Another possible embodiment of an embodiment of the present application is to take a video and perform a splitting process based on content differences between adjacent image frames in this video to get multiple video clips. can be done. In other words, when a video is divided into video clips, the content of each frame in the divided video clip changes continuously, improving the continuity of the frames in the video clip.

As shown in FIG. 3, A, B, . . . N are different video clips.

In some scenarios, these different video clips may have been split from a single video clip. In another scenario, these different video clips may have been split and captured from multiple video bands. Specifically, it can be flexibly set according to the needs of the training scenario, and is not limited in this embodiment.

Step 402, extracting multiple frames of training images from multiple video clips to obtain a training set, wherein extracting at least two frames of training images from each video clip.

In this example, the training set consists of multiple frames of training images extracted from multiple video clips. One possible embodiment is to randomly extract a fixed number of training image frame numbers from each video clip and use the extracted video clip frame numbers to construct a training set. Now extract at least two frames of training images from each video clip.

As another possible embodiment, in order to improve the training effect of the model, the homogeneity of the frame number distribution of each video clip in the training set can be improved, since the training images extracted from each video clip have the same number of frames. and train a pre-trained model through this training set so that each video clip has the same proportion of weight in determining model parameters, improving the training effect of subsequent pre-trained models. .

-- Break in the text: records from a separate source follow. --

(* Let $(\hat\sigma(n))_{n\ge0}$ be the sequence of rationals defined by $\hat\sigma(0)=1$, $\hat\sigma(1)=-\tfrac13$, and for $n\ge1$: $\hat\sigma(2n)=\hat\sigma(n)$, $\hat\sigma(2n+1)=-\tfrac12(\hat\sigma(n)+\hat\sigma(n+1))$. Then for all natural numbers $n,a\ge1$, $$\hat\sigma(2^an+1)=\Big(-\frac12\Big)^a\Big(\hat\sigma(n+1)+\frac13\hat\sigma(n)\Big)-\frac13\hat\sigma(n).$$ *)

theory Defs
  imports Complex_Main
begin

function sighat :: "nat \<Rightarrow> rat" where
  "sighat n = (if n = 0 then 1
               else if n = 1 then -1/3
               else if even n then sighat (n div 2)
               else -(1/2) * (sighat (n div 2) + sighat (n div 2 + 1)))"
  by auto
termination
  by (relation "measure id") (auto elim!: oddE)

lemma sighat_0: "sighat 0 = 1" by simp
lemma sighat_1: "sighat 1 = -1/3" by simp
lemma sighat_even: "n \<ge> 1 \<Longrightarrow> sighat (2*n) = sighat n" by simp
lemma sighat_odd: "n \<ge> 1 \<Longrightarrow> sighat (2*n+1) = -(1/2) * (sighat n + sighat (n+1))" by simp

end

theory Submission
  imports Defs
begin

(* Doubling a positive argument does not change sighat, so the odd-step recurrence
   at 2^(a+1) n + 1 reads  s(a+1) = -1/2 (sighat n + s(a))  for s(a) = sighat (2^a n + 1).
   This affine recurrence has fixed point -sighat n / 3, and its deviation from the fixed
   point is multiplied by -1/2 at each step. *)

lemma sighat_pow2_mult:
  assumes "n \<ge> 1"
  shows "sighat (2^a * n) = sighat n"
proof (induction a)
  case 0
  then show ?case by simp
next
  case (Suc a)
  have "sighat (2 * (2^a * n)) = sighat (2^a * n)"
    using assms by (intro sighat_even) simp
  then show ?case using Suc.IH by (simp add: mult.assoc)
qed

lemma sighat_pow2_mult_Suc:
  assumes "n \<ge> 1"
  shows "sighat (2^Suc a * n + 1) = -(1/2) * (sighat n + sighat (2^a * n + 1))"
proof -
  have "sighat (2 * (2^a * n) + 1) = -(1/2) * (sighat (2^a * n) + sighat (2^a * n + 1))"
    using assms by (intro sighat_odd) simp
  then show ?thesis
    using sighat_pow2_mult[OF assms] by (simp add: mult.assoc)
qed

theorem lemma4p1:
  fixes n a :: nat
  assumes "n \<ge> 1" and "a \<ge> 1"
  shows "sighat (2^a * n + 1) = (-(1/2))^a * (sighat (n+1) + (1/3) * sighat n) - (1/3) * sighat n"
proof (induction a)
  case 0
  then show ?case by simp
next
  case (Suc a)
  have "sighat (2^Suc a * n + 1) = -(1/2) * (sighat n + sighat (2^a * n + 1))"
    using assms(1) by (rule sighat_pow2_mult_Suc)
  then show ?case using Suc.IH by (simp add: algebra_simps)
qed

end
lemma subst_xi_step_commute:
  assumes "capture_free (Fix e2 z a)"
  shows "subst_xi (subst a (Fix e2 z a) z) = subst (subst_xi a) (subst_xi (Fix e2 z a)) z"
proof -
  have "z \<noteq> x'" "z \<notin> FV xi" "x' \<notin> BV a" using assms by (auto simp: capture_free_def)
  then show ?thesis by (rule subst_subst)
qed

lemma step_subst_xi: "capture_free t \<Longrightarrow> step t u \<Longrightarrow> step (subst_xi t) (subst_xi u)"
  by (cases t) (auto simp: subst_xi_step_commute)

lemma step_subst_xi_inv:
  "t \<noteq> Var x' \<Longrightarrow> capture_free t \<Longrightarrow> step (subst_xi t) u \<Longrightarrow> \<exists>v. step t v \<and> u = subst_xi v"
  by (cases t) (auto simp: subst_xi_step_commute split: if_splits)

lemma subst_xi_Clos: "t \<in> Clos chi' \<Longrightarrow> subst_xi t \<in> Clos xi"
  unfolding Clos_def mem_Collect_eq
proof (induction rule: rtranclp_induct)
  case base
  have "step xi (subst_xi chi')" by (simp add: subst_xi_chi')
  then show ?case by (rule r_into_rtranclp)
next
  case (step t u)
  then have "capture_free t" using Clos_chi'_capture_free by (simp add: Clos_def)
  then show ?case using step step_subst_xi by (meson rtranclp.rtrancl_into_rtrancl)
qed

lemma Clos_xi_subset: "Clos xi \<subseteq> insert xi (subst_xi ` Clos chi')"
proof
  have unfolded_xi: "subst_xi chi' \<in> subst_xi ` Clos chi'" using Clos_refl by blast
  fix u assume "u \<in> Clos xi"
  then have "step\<^sup>*\<^sup>* xi u" by (simp add: Clos_def)
  then show "u \<in> insert xi (subst_xi ` Clos chi')"
  proof (induction rule: rtranclp_induct)
    case (step u w)
    from step.IH show ?case
    proof
      assume "u = xi"
      with step.hyps(2) show ?thesis using unfolded_xi subst_xi_chi' by simp
    next
      assume "u \<in> subst_xi ` Clos chi'"
      then obtain t where t: "t \<in> Clos chi'" "u = subst_xi t" by blast
      show ?thesis
      proof (cases "t = Var x'")
        case True
        with step.hyps(2) t show ?thesis using unfolded_xi subst_xi_chi' by simp
      next
        case False
        with t step.hyps(2) obtain v where "step t v" "w = subst_xi v"
          using step_subst_xi_inv Clos_chi'_capture_free by blast
        with t(1) show ?thesis using Clos_step_trans by blast
      qed
    qed
  qed simp
qed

As shown in FIG. 3, A, B, and N are different video clips, and in this embodiment, an example of extracting two frames from each video clip and using them as training images will be described. where A1 and A2 are two frames in video clip A, B1 and B2 are two frames in video clip B, and N1 and N2 are two frames in video clip N.

For example, with one video X, split this video clip to get three video clips, which are video clips A, B, and C, and as shown in Figure 3, N is C and each video clip An example of extracting two frames from .

Here, in video clip A, the extracted two frame images are A1 and A2, and A1 and A2 are two consecutive frames. In video clip B, the extracted two frame images are B1 and B2, and B1 and B2 are two consecutive frames. In video clip C, the extracted two frame images are C1 and C2, and C1 and C2 are two consecutive frames. Further, image frames A1, A2, B1, B2, C1 and C2 are constructed as a training set.

In addition, in practical applications, the number of multi-frame training images included in the training set is not limited to the 6-frame images described in this embodiment, and can be flexibly set according to the training accuracy needs. can be done.

Step 403, using the training set to perform multi-round training on the pre-trained model for image feature extraction, where each round of training is extracted from the training set with at least two video clips. Select each training image selected in this round, input each training image selected in this round into the pre-training model to get the output image features, and then use the image features of each training image selected in this round to determine a first image feature distance between training images belonging to the same video clip and a second image feature distance between training images belonging to different video clips; , the model parameters of the pre-trained model are adjusted so that the difference between the first image feature distance and the second image feature distance is minimized, so that the pre-trained model obtained by training is: Including being a generic pre-trained model that can recognize association relationships between different video clips.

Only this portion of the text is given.